TASK
Nothing but the lines from the line with "by (simp add: mat_mult_transvection_right" through the end of the data is to be copied, and each is to be copied exactly.

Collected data
lemma transvection_in_centralizer:
  assumes "finite S" "k \<notin> S" "v \<in> Vfin" "(\<Sum>s\<in>S. v s) = 0"
  shows "(transvection k S, \<lambda>i. 0) \<in> centralizer_of SD (vec_elt v)"
proof -
  have "mat_vec (transvection k S) v = v"
    using assms by (intro ext) (simp add: mat_vec_transvection)
  then show ?thesis
    using assms
    by (simp add: centralizer_of_def vec_elt_def carrier_SD mult_SD transvection_GLinf Vfin_def
        mat_mult_id_right finitary_transvection)
qed

lemma conj_transvection_SD:
  assumes "finite S" "k \<notin> S"
  defines "t \<equiv> (transvection k S, \<lambda>i. 0)"
  shows "inv\<^bsub>SD\<^esub> t \<otimes>\<^bsub>SD\<^esub> (a, u) \<otimes>\<^bsub>SD\<^esub> t
    = (mat_mult (mat_mult (transvection k S) a) (transvection k S), mat_vec (transvection k S) u)"
proof -
  have "t \<in> carrier SD" "t \<otimes>\<^bsub>SD\<^esub> t = \<one>\<^bsub>SD\<^esub>"
    using assms by (simp_all add: carrier_SD transvection_GLinf Vfin_def mult_SD one_SD transvection_square)
  then have "inv\<^bsub>SD\<^esub> t = t"
    using group.inv_equality[OF group_SD] by blast
  then show ?thesis
    by (simp add: t_def mult_SD)
qed

lemma transvection_conj_entry:
  assumes a: "mat_bounded n a" and "a i j \<noteq> id_mat i j" and "i < n" "j < n" "n \<le> k" "n \<le> m"
  shows "mat_mult (mat_mult (transvection j {k}) a) (transvection j {k}) i m = (if m = k then 1 else 0)"
proof -
  have "finitary (mat_mult (transvection j {k}) a)"
    using a by (intro finitary_mat_mult finitary_transvection mat_bounded_imp_finitary) auto
  then have "mat_mult (mat_mult (transvection j {k}) a) (transvection j {k}) i m
      = (a i m + (if i = j then a k m else 0)) + (if m = k then a i j + (if i = j then a k j else 0) else 0)"
    by (simp add: mat_mult_transvection_right mat_mult_transvection_left)
  moreover have "a i m = 0" "a k m = id_mat k m" "a k j = 0"
    using a assms(3-6) by (auto simp: mat_bounded_def id_mat_def)
  ultimately show ?thesis
    using assms(2) by (auto simp: id_mat_def)
qed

WORKED SOLUTION
    by (simp add: mat_mult_transvection_right mat_mult_transvection_left)
  moreover have "a i m = 0" "a k m = id_mat k m" "a k j = 0"
    using a assms(3-6) by (auto simp: mat_bounded_def id_mat_def)
  ultimately show ?thesis
    using assms(2) by (auto simp: id_mat_def)
qed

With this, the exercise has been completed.